Vehicle Component Telemetry for Predictive Maintenance Timing
Find Innovative SolutionsGenerate Solutions
Solution Overview
Problem
Current fleet management systems lack reliable methods to predict component failures in vehicles, leading to unnecessary replacements and increased costs due to unreliable manufacturer estimates and variations in operating conditions.
Innovation Solution
A vehicular telemetry system that monitors operational components in real-time, using statistical analysis of signals and contextual information to generate predictions of component failure, allowing for timely maintenance and reducing unnecessary replacements.
Engineering Contradictions & Design Principles
Engineering Contradiction Analysis
1Reliability
If manufacturer's recommended maintenance schedule based on running total of mileage or operational time is used, then maintenance can be performed regularly, but component replacement occurs unnecessarily early and costs increase
Solution Approach 1:
The system transitions from using fixed parameters (mileage or operational time thresholds) to dynamic parameters that change based on actual component condition. Telematics data continuously updates component health parameters, allowing maintenance schedules to adapt to real-time wear patterns rather than following predetermined intervals.
Solution Approach 2:
The system implements continuous feedback loops where telematics sensors monitor component performance, compare actual conditions against predicted failure models, and adjust maintenance timing accordingly. This closed-loop approach prevents both premature replacement and unexpected failures by constantly updating the component state assessment.
2Measurement precision
If simple comparison of current value with previous value is used, then monitoring is simple, but component failure cannot be accurately predicted
Solution Approach 1:
The system introduces predictive models as intermediary layers between raw telematics data and failure predictions. These models process multiple data points and contextual information to generate accurate failure predictions without requiring complex real-time analysis, effectively mediating between simple data collection and sophisticated prediction needs.
Solution Approach 2:
The system performs preliminary analysis by pre-processing telematics data and establishing baseline component behavior patterns before failure occurs. By preparing predictive models in advance with historical data, the system can quickly assess current component state without complex real-time computation, achieving both accuracy and efficiency.

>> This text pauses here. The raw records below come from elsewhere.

(* Let $k\ge2$ and let $G,H$ be connected graphs. Let $w\in V(G)$ and $w'\in V(H)$ be vertices such that $G-\{w\}$ is connected and $H-\{w'\}$ is disconnected. Then $\chi^k_G(w)\ne\chi^k_H(w')$.
   Context: Graphs are finite, simple, undirected (possibly colored; uncolored graphs are monochromatic). For $k\ge2$, the $k$-dimensional Weisfeiler–Leman algorithm computes a coloring of $V(G)^k$: the initial color of a tuple consists of its input color and the isomorphism type of the ordered induced subgraph on its entries; in each round the new color of $\bar v$ is the pair of its old color and the multiset, over $w\in V(G)$, of the $k$-tuples whose $i$-th component is the old color of $\bar v$ with its $i$-th entry replaced by $w$; the stable coloring is $\chi^k_G$, with canonical colors comparable across graphs. For a vertex $w$, $\chi^k_G(w):=\chi^k_G(w,\dots,w)$. *)

theory Defs
  imports Main "HOL-Library.Multiset"
begin

definition simple_graph :: "'a set \<Rightarrow> ('a \<Rightarrow> 'a \<Rightarrow> bool) \<Rightarrow> bool" where
  "simple_graph V E \<longleftrightarrow> finite V \<and> (\<forall>x y. E x y \<longrightarrow> x \<in> V \<and> y \<in> V)
     \<and> (\<forall>x y. E x y \<longrightarrow> E y x) \<and> (\<forall>x. \<not> E x x)"

definition connected_on :: "'a set \<Rightarrow> ('a \<Rightarrow> 'a \<Rightarrow> bool) \<Rightarrow> bool" where
  "connected_on S E \<longleftrightarrow> S \<noteq> {} \<and>
     (\<forall>x\<in>S. \<forall>y\<in>S. (\<lambda>u v. E u v \<and> u \<in> S \<and> v \<in> S)\<^sup>*\<^sup>* x y)"

text \<open>Canonical Weisfeiler--Leman colours (comparable across graphs).\<close>
datatype 'c wlcol =
    WLInit "'c list" "(bool \<times> bool) list list"
  | WLRefine "'c wlcol" "'c wlcol list multiset"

3Adaptability or versatility
If Mean Time Between Failure engineering data is used, then failure timing can be estimated, but predictions are inaccurate due to variations in operating conditions
Solution Approach 1:
The system transforms static Mean Time Between Failure data into dynamic predictions that adapt to actual operating conditions. By continuously updating component wear models with real-time telematics data reflecting actual usage patterns, environmental conditions, and load variations, the system adjusts failure predictions to match current operational context rather than relying on average historical data.
Data Source
Figure 1
Figure 2a
Figure 2b
AI summary
Apparatus, device, methods and system relating to a vehicular telemetry environment for monitoring vehicle components and providing indications towards the condition of the vehicle components and providing optimal indications towards replacement or maintenance of vehicle components before vehicle component failure.